Given information:
(* Let $B\ge1$, $G=\{0,\frac1B,\dots,1\}$, $t\in G$ and $\eta\in(0,t)$. Any $f^*\in\mathcal U_\eta$ that maximises $\mathcal T_t$ over $\mathcal U_\eta$ satisfies: (i) $\mathcal E(f^* )=\eta$; (ii) writing $i_M:=B\max(\mathrm{supp}(f^* ))$, either (a) $f^*_0>f^*_1=f^*_2=\dots=f^*_{i_M-1}\ge f^*_{i_M}$, or (b) $i_M=Bt$ and $f^*_0=f^*_1=\dots=f^*_{i_M-1}\le f^*_{i_M}$.
   Context: Identify a probability mass function $f$ on $G$ with $(f_0,\dots,f_B)$, $f_i=f(i/B)$. Let $\mathcal T_t(f)=\sum_{i\ge Bt}f_i$, $\mathcal E(f)=\sum_{i=1}^B\frac iBf_i$ and $\mathrm{supp}(f)=\{i/B\in G:f_i>0\}$. $f$ is unimodal if there is $m$ with $f_0\le\dots\le f_m$ and $f_m\ge\dots\ge f_B$. $\mathcal U$ is the set of unimodal probability mass functions on $G$ and $\mathcal U_\eta=\{f\in\mathcal U:\mathcal E(f)\le\eta\}$. *)

theory Defs
  imports Main "HOL.Real"
begin

text \<open>A probability mass function on the grid G = {0, 1/B, ..., 1} is identified
  with its vector of weights (f 0, ..., f B), f i = f(i/B); we represent it as a
  function on nat that vanishes outside {0..B}.\<close>

definition grid :: "nat \<Rightarrow> real set" where
  "grid B = {real i / real B | i. i \<le> B}"

definition is_pmf_G :: "nat \<Rightarrow> (nat \<Rightarrow> real) \<Rightarrow> bool" where
  "is_pmf_G B f \<longleftrightarrow> (\<forall>i\<le>B. 0 \<le> f i) \<and> (\<forall>i>B. f i = 0) \<and> (\<Sum>i=0..B. f i) = 1"

definition tailmass :: "nat \<Rightarrow> real \<Rightarrow> (nat \<Rightarrow> real) \<Rightarrow> real" where
  "tailmass B t f = (\<Sum>i\<in>{i. i \<le> B \<and> real B * t \<le> real i}. f i)"

definition expect :: "nat \<Rightarrow> (nat \<Rightarrow> real) \<Rightarrow> real" where
  "expect B f = (\<Sum>i=1..B. (real i / real B) * f i)"

definition supp_idx :: "nat \<Rightarrow> (nat \<Rightarrow> real) \<Rightarrow> nat set" where
  "supp_idx B f = {i. i \<le> B \<and> 0 < f i}"

definition unimodal :: "nat \<Rightarrow> (nat \<Rightarrow> real) \<Rightarrow> bool" where
  "unimodal B f \<longleftrightarrow> (\<exists>m\<le>B. (\<forall>i j. i \<le> j \<and> j \<le> m \<longrightarrow> f i \<le> f j)
                            \<and> (\<forall>i j. m \<le> i \<and> i \<le> j \<and> j \<le> B \<longrightarrow> f j \<le> f i))"

definition U :: "nat \<Rightarrow> (nat \<Rightarrow> real) set" where
  "U B = {f. is_pmf_G B f \<and> unimodal B f}"

definition U_eta :: "nat \<Rightarrow> real \<Rightarrow> (nat \<Rightarrow> real) set" where
  "U_eta B \<eta> = {f \<in> U B. expect B f \<le> \<eta>}"

end

theory Submission
  imports Defs
begin

text \<open>If the expectation of a unimodal distribution f is below \<eta>, mixing f with the uniform
  distribution on its largest mode and all points to the right of it keeps unimodality and
  strictly increases the tail mass. Hence a maximiser has expectation exactly \<eta>, and it has the
  least expectation among all unimodal distributions with at least its tail mass. So no unimodal
  distribution arises from it by moving mass to a smaller index on one side of the threshold
  index k = B t: such a move keeps the tail mass and lowers the expectation. Every deviation from
  the shapes (a) and (b) admits such a unimodality-preserving move.\<close>

definition is_mode :: "nat \<Rightarrow> (nat \<Rightarrow> real) \<Rightarrow> nat \<Rightarrow> bool" where
  "is_mode B f m \<longleftrightarrow> m \<le> B \<and> (\<forall>i j. i \<le> j \<and> j \<le> m \<longrightarrow> f i \<le> f j)
                            \<and> (\<forall>i j. m \<le> i \<and> i \<le> j \<and> j \<le> B \<longrightarrow> f j \<le> f i)"
(* Let $a,b,G\in C^0(\mathbb{R})$ be even functions with $a,b>0$. Let $m>0$ and suppose $G(s)\ge G(m)$ for all $s\in\mathbb{R}$ and $G(s)>G(m)$ for all $s\in(-m,m)$. If there exists a sequence of bounded intervals $J_n\subset\mathbb{R}$ with $$\int_{J_n}\frac1a\to+\infty\quad\text{and}\quad \int_{J_n}b\to 0,$$ then there exists $L_0>0$ such that for every $L>L_0$ the functional $\mathcal{E}(\cdot,(-L,L))$ has no odd minimizers in $H^1_m((-L,L))$.
   Context: $H^1_m((-L,L)):=\{u\in H^1((-L,L)):u(-L)=-m,\ u(L)=m\}$ and $\mathcal{E}(u,(-L,L)):=\int_{-L}^L\{\tfrac12 (u')^2a(x)+G(u)b(x)\}\,dx$. A minimizer means an absolute minimizer of $\mathcal{E}(\cdot,(-L,L))$ over $H^1_m((-L,L))$. *)

theory Defs
  imports "HOL-Analysis.Analysis"
begin

text \<open>One-dimensional Sobolev space H^1((-L,L)), identified (as usual) with the continuous
  representatives: u is an indefinite integral of a square-integrable function g on [-L,L]
  (g is the weak derivative of u).\<close>
definition H1 :: "real \<Rightarrow> (real \<Rightarrow> real) \<Rightarrow> bool" where
  "H1 L u \<longleftrightarrow> (\<exists>g. g \<in> borel_measurable lborel \<and>
      set_integrable lborel {-L..L} g \<and>
      set_integrable lborel {-L..L} (\<lambda>x. (g x)\<^sup>2) \<and>
      (\<forall>x\<in>{-L..L}. u x = u (-L) + (LBINT t=-L..x. g t)))"

definition H1m :: "real \<Rightarrow> real \<Rightarrow> (real \<Rightarrow> real) \<Rightarrow> bool" where
  "H1m m L u \<longleftrightarrow> H1 L u \<and> u (-L) = - m \<and> u L = m"

text \<open>Energy; for u in H^1 the classical derivative exists a.e. and equals the weak one.\<close>
definition energy :: "(real \<Rightarrow> real) \<Rightarrow> (real \<Rightarrow> real) \<Rightarrow> (real \<Rightarrow> real) \<Rightarrow> real \<Rightarrow> (real \<Rightarrow> real) \<Rightarrow> real" where
  "energy a b G L u = (LBINT x=-L..L. (1/2) * (deriv u x)\<^sup>2 * a x + G (u x) * b x)"

definition is_minimizer :: "(real \<Rightarrow> real) \<Rightarrow> (real \<Rightarrow> real) \<Rightarrow> (real \<Rightarrow> real) \<Rightarrow> real \<Rightarrow> real \<Rightarrow> (real \<Rightarrow> real) \<Rightarrow> bool" where
  "is_minimizer a b G m L u \<longleftrightarrow> H1m m L u \<and>
     (\<forall>v. H1m m L v \<longrightarrow> energy a b G L u \<le> energy a b G L v)"

definition odd_on :: "real \<Rightarrow> (real \<Rightarrow> real) \<Rightarrow> bool" where
  "odd_on L u \<longleftrightarrow> (\<forall>x\<in>{-L..L}. u (-x) = - u x)"

end

theory Submission
  imports Defs
begin
(* Let $m\ge1$ and let $H_{2m}$ be as in the context with $\zeta=1$, i.e. $h(w,w')=1-4ww'$. Then for all $w_1,\ldots,w_{2m}$ at which the expression is defined, \[ H_{2m}(w_1,\ldots,w_{2m})=2^{m(m-1)} . \]
   Context: For a parameter $\zeta$, $h(w,w')=1-(3+\zeta^2)ww'+(1-\zeta^2)ww'(w+w')$ and \[ H_{2m}(w_1,\ldots,w_{2m})=\frac{\prod_{i=1}^m\prod_{j=m+1}^{2m}h(w_i,w_j)}{\prod_{1\le i<j\le m}(w_i-w_j)\prod_{m+1\le i<j\le 2m}(w_i-w_j)}\ \det_{1\le i\le m,\ m+1\le j\le 2m}\frac{1}{h(w_i,w_j)}. \] *)

theory Defs
  imports Complex_Main "Jordan_Normal_Form.Determinant"
begin

definition h_fun :: "complex \<Rightarrow> complex \<Rightarrow> complex \<Rightarrow> complex" where
  "h_fun \<zeta> w w' = 1 - (3 + \<zeta>^2) * w * w' + (1 - \<zeta>^2) * w * w' * (w + w')"

definition H_fun :: "complex \<Rightarrow> nat \<Rightarrow> (nat \<Rightarrow> complex) \<Rightarrow> complex" where
  "H_fun \<zeta> m w =
     (\<Prod>i\<in>{1..m}. \<Prod>j\<in>{m+1..2*m}. h_fun \<zeta> (w i) (w j))
     / ((\<Prod>i\<in>{1..m}. \<Prod>j\<in>{i+1..m}. (w i - w j))
        * (\<Prod>i\<in>{m+1..2*m}. \<Prod>j\<in>{i+1..2*m}. (w i - w j)))
     * det (mat m m (\<lambda>(i, j). 1 / h_fun \<zeta> (w (i + 1)) (w (m + j + 1))))"

end

theory Submission
  imports Defs
begin

(* For zeta = 1 the kernel is h(w,w') = 1 - 4 w w', so the determinant in H_{2m} is the
   Cauchy-type determinant det [1 / (1 - x_i y_j)] with x_i = 4 w_i and y_j = w_{m+j}.
   The proof rests on the classical evaluation
     det [1 / (1 - x_i y_j)] * prod_{i,j} (1 - x_i y_j) = prod_{i<j} (x_i - x_j) * prod_{i<j} (y_i - y_j),
   proved by induction on the size: subtracting the first row from the others and then the
   first column from the others leaves, after pulling out row and column factors, a unit
   first row above a scaled copy of the smaller Cauchy matrix.
   Since x_i - x_j = 4 (w_i - w_j), the Vandermonde-type factors cancel against the
   denominator of H_{2m} except for 4^(m(m-1)/2) = 2^(m(m-1)). *)

(* Multiplying row i by f i and column j by g j multiplies the determinant by all these factors;
   each term of the Leibniz expansion picks up every f i and (via the permutation) every g j. *)
lemma det_scale_rows_cols:
  fixes A B :: "'a::comm_ring_1 mat"
  assumes A: "A \<in> carrier_mat n n" and B: "B \<in> carrier_mat n n"
    and entries: "\<And>i j. i < n \<Longrightarrow> j < n \<Longrightarrow> B $$ (i,j) = f i * A $$ (i,j) * g j"
  shows "det B = (\<Prod>i<n. f i) * det A * (\<Prod>j<n. g j)"
proof -
  have term_eq: "(\<Prod>i = 0..<n. B $$ (i, p i))
      = (\<Prod>i<n. f i) * (\<Prod>j<n. g j) * (\<Prod>i = 0..<n. A $$ (i, p i))"
    if p: "p permutes {0..<n}" for p
  proof -
    have "(\<Prod>i = 0..<n. B $$ (i, p i)) = (\<Prod>i = 0..<n. f i * g (p i) * A $$ (i, p i))"
      using p by (intro prod.cong) (auto simp: entries permutes_in_image ac_simps)
    also have "\<dots> = (\<Prod>i = 0..<n. f i) * (\<Prod>i = 0..<n. g (p i)) * (\<Prod>i = 0..<n. A $$ (i, p i))"
      by (simp add: prod.distrib)
    also have "(\<Prod>i = 0..<n. g (p i)) = (\<Prod>j = 0..<n. g j)"
      using prod.permute[OF p, of g] by (simp add: comp_def)
    finally show ?thesis by (simp add: atLeast0LessThan)
  qed
  show ?thesis
    unfolding det_def'[OF A] det_def'[OF B] sum_distrib_left sum_distrib_right
    by (intro sum.cong) (auto simp: term_eq ac_simps)
qed
(* Let $\phi:v_{\mathcal{C},j}\mapsto y^{n_{\mathcal{C},j}}$ be a cyclotomic specialization and let $\chi,\psi\in\mathrm{Irr}(W)$ with sets of factor degrees $\mathcal{F}_\chi,\mathcal{F}_\psi$ (with respect to fixed factorizations of their generic Schur elements). If $a_{\chi,\epsilon}(\mathbf{t})=a_{\psi,\epsilon}(\mathbf{t})$ (resp. $A_{\chi,\epsilon}(\mathbf{t})=A_{\psi,\epsilon}(\mathbf{t})$) as polynomials in $\mathbf{t}$ for every good sign map $\epsilon$ for $\mathcal{F}_\chi\cup\mathcal{F}_\psi$, then $a_{\chi_\phi}=a_{\psi_\phi}$ (resp. $A_{\chi_\phi}=A_{\psi_\phi}$).
   Context: Setting: $K\subset\mathbb{Q}(\mu_\infty)$ a number field with ring of integers $\mathbb{Z}_K$; $W$ a finite irreducible complex reflection group defined over $K$, reflecting-hyperplane orbits $\mathcal{C}$ with stabilizer orders $e_{\mathcal{C}}$; $\mathcal{H}$ its generic Hecke algebra (assumed free of rank $|W|$ with canonical symmetrizing form), over $\mathbb{Z}_K[\mathbf{v},\mathbf{v}^{-1}]$ with indeterminates $v_{\mathcal{C},j}$, $0\le j\le e_{\mathcal{C}}-1$ (Hecke parameters $u_{\mathcal{C},j}=\zeta_{e_{\mathcal{C}}}^jv_{\mathcal{C},j}^{|\mu(K)|}$). For $\chi\in\mathrm{Irr}(W)$, the generic Schur element is fixed in the factorized form $(\dagger)\ s_\chi(\mathbf{v})=\xi_\chi N_\chi\prod_{i\in I_\chi}\Psi_{\chi,i}(M_{\chi,i})^{n_{\chi,i}}$ with $\xi_\chi\in\mathbb{Z}_K$, $N_\chi=\prod v_{\mathcal{C},j}^{b_{\mathcal{C},j}}$ ($\sum_jb_{\mathcal{C},j}=0$ for all $\mathcal{C}$), $\Psi_{\chi,i}$ $K$-cyclotomic polynomials in one variable, $M_{\chi,i}=\prod v_{\mathcal{C},j}^{a_{\mathcal{C},j}}$ monomials with $\gcd(a_{\mathcal{C},j})=1$ and $\sum_ja_{\mathcal{C},j}=0$ for all $\mathcal{C}$, $n_{\chi,i}$ positive integers. Factor degrees: let $\mathbf{t}=(t_{\mathcal{C},j})$ be indeterminates. For a factor $\Psi(M)$ of $(\dagger)$ with $M=\prod v_{\mathcal{C},j}^{a_{\mathcal{C},j}}$, its factor degree is $f_{\Psi(M)}(\mathbf{t})=\deg(\Psi)\sum_{\mathcal{C},j}a_{\mathcal{C},j}t_{\mathcal{C},j}$, and its coefficient $\mathbf{c}(f_{\Psi(M)})$ is the largest $n$ such that $\Psi(M)^n$ appears in $(\dagger)$. $\mathcal{F}_\chi$ is the set of factor degrees for $\chi$. Two factor degrees satisfy $f_1\sim f_2$ if $f_1=qf_2$ for some rational $q>0$. A good sign map for a set $\mathcal{F}$ of factor degrees is a map $\epsilon:\mathcal{F}\to\{-1,1\}$ with $\epsilon(f_1)=\epsilon(f_2)$ whenever $f_1\sim f_2$ and $\epsilon(f_1)=-\epsilon(f_2)$ whenever $f_1\sim -f_2$. For a good sign map $\epsilon$ (restricted to $\mathcal{F}_\chi$), the generic valuation and generic degree are $a_{\chi,\epsilon}(\mathbf{t})=\sum_{\mathcal{C},j}b_{\mathcal{C},j}t_{\mathcal{C},j}+\sum_{f\in\mathcal{F}_\chi,\ \epsilon(f)=-1}\mathbf{c}(f)f$, and $A_{\chi,\epsilon}(\mathbf{t})=\sum_{\mathcal{C},j}b_{\mathcal{C},j}t_{\mathcal{C},j}+\sum_{f\in\mathcal{F}_\chi,\ \epsilon(f)=1}\mathbf{c}(f)f$. A cyclotomic specialization is a $\mathbb{Z}_K$-algebra morphism $\phi:v_{\mathcal{C},j}\mapsto y^{n_{\mathcal{C},j}}$ ($n_{\mathcal{C},j}\in\mathbb{Z}$) into $\mathbb{Z}_K[y,y^{-1}]$ such that each $\prod_j(z-\zeta_{e_{\mathcal{C}}}^jy^{n_{\mathcal{C},j}})$ is invariant under $\mathrm{Gal}(K(y)/K(y^{|\mu(K)|}))$; $\chi_\phi$ is the corresponding character of the specialized algebra, with Schur element $s_{\chi_\phi}(y)=\phi(s_\chi(\mathbf{v}))$, $a_{\chi_\phi}$ its valuation (order at $y=0$) and $A_{\chi_\phi}$ its degree ($-$order at $0$ of $s_{\chi_\phi}(1/y)$). *)

theory Defs
  imports "HOL-Computational_Algebra.Computational_Algebra" "HOL-Library.Multiset" Complex_Main
begin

What to produce:
Copy all lines from the material above that hold the word "open".

Task result:
text \<open>A probability mass function on the grid G = {0, 1/B, ..., 1} is identified
text \<open>If the expectation of a unimodal distribution f is below \<eta>, mixing f with the uniform
text \<open>One-dimensional Sobolev space H^1((-L,L)), identified (as usual) with the continuous
text \<open>Energy; for u in H^1 the classical derivative exists a.e. and equals the weak one.\<close>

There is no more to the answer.